▶ **WHAT NEEDS TO BE DONE**
Copy each line from the listing below where the word "wstar" shows up.

--- SUPPLIED RECORDS ---

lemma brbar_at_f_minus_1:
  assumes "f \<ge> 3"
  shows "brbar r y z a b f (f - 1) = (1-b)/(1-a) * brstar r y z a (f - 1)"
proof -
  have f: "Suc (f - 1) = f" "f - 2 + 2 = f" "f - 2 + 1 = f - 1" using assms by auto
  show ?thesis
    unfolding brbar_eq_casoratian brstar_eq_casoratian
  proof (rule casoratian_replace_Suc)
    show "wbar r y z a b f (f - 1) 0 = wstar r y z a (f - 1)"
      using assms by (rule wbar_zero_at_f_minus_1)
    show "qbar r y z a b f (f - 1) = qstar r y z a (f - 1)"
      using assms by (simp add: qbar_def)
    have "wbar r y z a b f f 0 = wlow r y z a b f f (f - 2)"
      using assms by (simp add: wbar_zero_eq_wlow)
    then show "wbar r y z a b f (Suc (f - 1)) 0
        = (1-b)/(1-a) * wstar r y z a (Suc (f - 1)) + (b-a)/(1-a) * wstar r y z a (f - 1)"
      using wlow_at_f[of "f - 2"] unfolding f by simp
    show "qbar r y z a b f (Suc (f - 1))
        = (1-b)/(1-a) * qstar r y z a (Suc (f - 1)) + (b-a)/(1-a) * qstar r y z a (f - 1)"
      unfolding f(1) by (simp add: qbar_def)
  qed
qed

---

▶ **THE COMPLETED TASK**
    show "wbar r y z a b f (f - 1) 0 = wstar r y z a (f - 1)"
        = (1-b)/(1-a) * wstar r y z a (Suc (f - 1)) + (b-a)/(1-a) * wstar r y z a (f - 1)"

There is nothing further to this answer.